Public

Verdict Validator

Every reproduction verdict ships through the Verdict Validator before it lands in the database. The validator is the answer to a real failure: on 2026-05-13 we retracted 7 WRONG verdicts that turned out to be false positives caused by drivers that made-up, mis-cited, or category-confused the paper headline they were comparing against. The validator was built so this cannot happen the same way again.

What the validator does

  1. C1 — Structural gate. Every driver must declare a typed claim citation: Table N, row X, column Y, reported value V plus the literal quoted text and PDF page number. Drivers that don't measure the paper's exact protocol must declare protocol_match = "proxy" (microslice eval, community fine-tune, etc.) or "unknown" (measuring a metric the paper doesn't report). Only "exact" drivers can publish a public WRONG.
  2. C2 — Textual gate. The validator fetches the cited paper's PDF, extracts text with pdfjs-dist, and verifies that the cited quoted text appears within ±200 characters of the cited reported value. Citations that don't match the PDF — made-up, mis-cited, or category-confused — are rejected at C2.
  3. Never upgrades. The validator can only downgrade. A driver that proposes not_reproduced with a non-exact protocol gets downgraded to partial (or pending for unknown protocols). It never goes the other way.

See src/lib/verdict-validator.ts and src/lib/claim-citation.ts for the implementation. The 7-WRONG retraction post-mortem lives at docs/red-team/2026-05-13-summary.md.

Live numbers

Counts below are live queries against the production database — every verdict currently visible on the platform.

Current POST verdicts
55
all kinds, is_current=true
With claim citation
90.9%
50 of 55
Public WRONG verdicts
0
zero since validator landed
False positives retracted
7
all on 2026-05-13

Protocol-match breakdown

A driver's protocol-match tier tells you how close the reproduction is to the paper's exact protocol. Only exact can publish a public WRONG.

TierVerdictsShareCan publish WRONG?
exact35.5%Yes — gated by C2.
proxy3461.8%No — auto-downgraded to PARTIAL.
unknown1323.6%No — auto-downgraded to PENDING.
59.1%Pre-validator rows (legacy / not_attempted-only drivers).

Recent verdicts gated by the validator

What the validator prevents

The 2026-05-13 red-team rollup identified 7 then-public WRONG verdicts as false positives. Every one was a citation problem — the paper headline the driver was comparing against was wrong (made-up, mis-cited Table, mis-cited row, or a category that the paper doesn't even report). The full audit lives at /legal/retractions. The validator's C1 and C2 gates are how the platform self- corrected: a driver cannot publish a WRONG today without a structurally-typed citation that has been verified against the actual PDF.

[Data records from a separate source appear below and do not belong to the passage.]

(* Let $G=(V,E)$ be a plane graph that is reduced with respect to Rules 1 and 2, let $D$ be a dominating set of $G$, and let $\mathcal R$ be a maximal $D$-region decomposition of $G$. If $v\in D$ and $u\in N_1(v)$, then $u\in V(\mathcal R)$.
   Context: A plane graph is a planar graph together with a fixed planar embedding. $N(v)$ is the open neighborhood, $N[v]=N(v)\cup\{v\}$, $N(v,w)=N(v)\cup N(w)$, $N[v,w]=N[v]\cup N[w]$, and $N_1(v)=\{u\in N(v):N(u)\setminus N[v]\ne\emptyset\}$. Region: for vertices $v,w$ of a plane graph $G$, a region $R(v,w)$ between $v$ and $w$ is a closed subset of the plane such that (1) its boundary is formed by two simple paths $P_1,P_2$ of $G$ from $v$ to $w$, each of length at most three (the paths may coincide, giving a degenerate region consisting of a single path), and (2) every vertex lying strictly inside $R(v,w)$ belongs to $N(v,w)$. $V(R)$ is the set of vertices lying inside or on the boundary of $R$. $D$-region decomposition: for $D\subseteq V$, a set $\mathcal R$ of regions, each between two vertices of $D$, such that (1) for each $R(v,w)\in\mathcal R$, no vertex of $D$ other than $v,w$ lies in $V(R(v,w))$, and (2) no two regions of $\mathcal R$ intersect except possibly along common boundary. $V(\mathcal R)=\bigcup_{R\in\mathcal R}V(R)$. $\mathcal R$ is maximal if there is no region $R\notin\mathcal R$ such that $\mathcal R\cup\{R\}$ is a $D$-region decomposition with $V(\mathcal R)\subsetneq V(\mathcal R\cup\{R\})$. Reduced: with $N_2(v)=\{u\in N(v)\setminus N_1(v):N(u)\cap N_1(v)\ne\emptyset\}$, $N_3(v)=N(v)\setminus(N_1(v)\cup N_2(v))$, and analogously $N_1(v,w),N_2(v,w),N_3(v,w)$ with $N(v,w),N[v,w]$ in place of $N(v),N[v]$: Rule 1 (when $N_3(v)\ne\emptyset$) removes $N_2(v)\cup N_3(v)$ and attaches a new pendant vertex to $v$; Rule 2 (for $v\ne w$ with $N_3(v,w)\ne\emptyset$ not dominated by a single vertex of $N_2(v,w)\cup N_3(v,w)$) in case $N_3(v,w)\subseteq N(v)\cap N(w)$ removes $N_3(v,w)$ and $N_2(v,w)\cap N(v)\cap N(w)$ and adds two new vertices each adjacent to exactly $v$ and $w$; in case $N_3(v,w)\subseteq N(v)$, $\not\subseteq N(w)$ removes $N_3(v,w)$ and $N_2(v,w)\cap N(v)$ and attaches a new pendant vertex to $v$ (symmetrically with $v,w$ exchanged); otherwise removes $N_3(v,w)\cup N_2(v,w)$ and attaches new pendant vertices to both $v$ and $w$. $G$ is reduced if no application of either rule changes $G$ up to isomorphism. *)

theory Defs
  imports "HOL-Analysis.Analysis"
begin

definition simple_graph :: "'a set \<Rightarrow> ('a \<Rightarrow> 'a \<Rightarrow> bool) \<Rightarrow> bool" where
  "simple_graph V E \<longleftrightarrow> finite V \<and> (\<forall>u v. E u v \<longrightarrow> u \<in> V \<and> v \<in> V \<and> u \<noteq> v \<and> E v u)"

definition nb :: "'a set \<Rightarrow> ('a \<Rightarrow> 'a \<Rightarrow> bool) \<Rightarrow> 'a \<Rightarrow> 'a set" where
  "nb V E v = {u \<in> V. E v u}"

definition cnb :: "'a set \<Rightarrow> ('a \<Rightarrow> 'a \<Rightarrow> bool) \<Rightarrow> 'a \<Rightarrow> 'a set" where
  "cnb V E v = insert v (nb V E v)"

definition nb2 :: "'a set \<Rightarrow> ('a \<Rightarrow> 'a \<Rightarrow> bool) \<Rightarrow> 'a \<Rightarrow> 'a \<Rightarrow> 'a set" where
  "nb2 V E v w = nb V E v \<union> nb V E w"

definition cnb2 :: "'a set \<Rightarrow> ('a \<Rightarrow> 'a \<Rightarrow> bool) \<Rightarrow> 'a \<Rightarrow> 'a \<Rightarrow> 'a set" where
  "cnb2 V E v w = cnb V E v \<union> cnb V E w"

definition N1 :: "'a set \<Rightarrow> ('a \<Rightarrow> 'a \<Rightarrow> bool) \<Rightarrow> 'a \<Rightarrow> 'a set" where
  "N1 V E v = {u \<in> nb V E v. nb V E u - cnb V E v \<noteq> {}}"

definition N2 :: "'a set \<Rightarrow> ('a \<Rightarrow> 'a \<Rightarrow> bool) \<Rightarrow> 'a \<Rightarrow> 'a set" where
  "N2 V E v = {u \<in> nb V E v - N1 V E v. nb V E u \<inter> N1 V E v \<noteq> {}}"

definition N3 :: "'a set \<Rightarrow> ('a \<Rightarrow> 'a \<Rightarrow> bool) \<Rightarrow> 'a \<Rightarrow> 'a set" where
  "N3 V E v = nb V E v - (N1 V E v \<union> N2 V E v)"

definition N1p :: "'a set \<Rightarrow> ('a \<Rightarrow> 'a \<Rightarrow> bool) \<Rightarrow> 'a \<Rightarrow> 'a \<Rightarrow> 'a set" where
  "N1p V E v w = {u \<in> nb2 V E v w. nb V E u - cnb2 V E v w \<noteq> {}}"

definition N2p :: "'a set \<Rightarrow> ('a \<Rightarrow> 'a \<Rightarrow> bool) \<Rightarrow> 'a \<Rightarrow> 'a \<Rightarrow> 'a set" where
  "N2p V E v w = {u \<in> nb2 V E v w - N1p V E v w. nb V E u \<inter> N1p V E v w \<noteq> {}}"

definition N3p :: "'a set \<Rightarrow> ('a \<Rightarrow> 'a \<Rightarrow> bool) \<Rightarrow> 'a \<Rightarrow> 'a \<Rightarrow> 'a set" where
  "N3p V E v w = nb2 V E v w - (N1p V E v w \<union> N2p V E v w)"

definition dominating_set :: "'a set \<Rightarrow> ('a \<Rightarrow> 'a \<Rightarrow> bool) \<Rightarrow> 'a set \<Rightarrow> bool" where
  "dominating_set V E D \<longleftrightarrow> D \<subseteq> V \<and> (\<forall>x \<in> V. x \<in> D \<or> (\<exists>d \<in> D. E d x))"

text \<open>Graph obtained from (V,E) by deleting the vertex set S and adding k fresh vertices
  Inr 0, ..., Inr (k-1), where fresh vertex Inr i is adjacent exactly to the (surviving)
  vertices of A i.\<close>
definition modV :: "'a set \<Rightarrow> 'a set \<Rightarrow> nat \<Rightarrow> ('a + nat) set" where
  "modV V S k = Inl ` (V - S) \<union> Inr ` {..<k}"

definition modE :: "'a set \<Rightarrow> ('a \<Rightarrow> 'a \<Rightarrow> bool) \<Rightarrow> 'a set \<Rightarrow> (nat \<Rightarrow> 'a set) \<Rightarrow> nat
    \<Rightarrow> ('a + nat) \<Rightarrow> ('a + nat) \<Rightarrow> bool" where
  "modE V E S A k x y =
     (case (x, y) of
        (Inl a, Inl b) \<Rightarrow> E a b \<and> a \<in> V - S \<and> b \<in> V - S
      | (Inl a, Inr i) \<Rightarrow> i < k \<and> a \<in> V - S \<and> a \<in> A i
      | (Inr i, Inl a) \<Rightarrow> i < k \<and> a \<in> V - S \<and> a \<in> A i
      | (Inr i, Inr j) \<Rightarrow> False)"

Three sibling surfaces complete the self-correction quadrant: /anchors (runtime drift probe across the execution stack), /legal/retractions (historical false positives, append-only log), and /skipped (refusal transparency — papers paperiswrong deliberately did not reproduce).

For developers

Every reproduction driver under scripts/run-reproduction-*.ts is required by a CI lint (tests/unit/scripts/validator-wiring-lint.test.ts) to wire the validator. Adding a new driver without a citation fails the build. Drivers that legitimately never publish a non-not_attempted verdict (closed-weights papers, retracted reproductions, image generation) are on an explicit allowlist with a written justification.

The public API exposes the citation and protocol-match columns on every verdict at /api/v1/verdicts and /api/v1/papers/:arxivId. The on-page ClaimCitationCard renders the same data inline with every verdict on /p/[arxivId].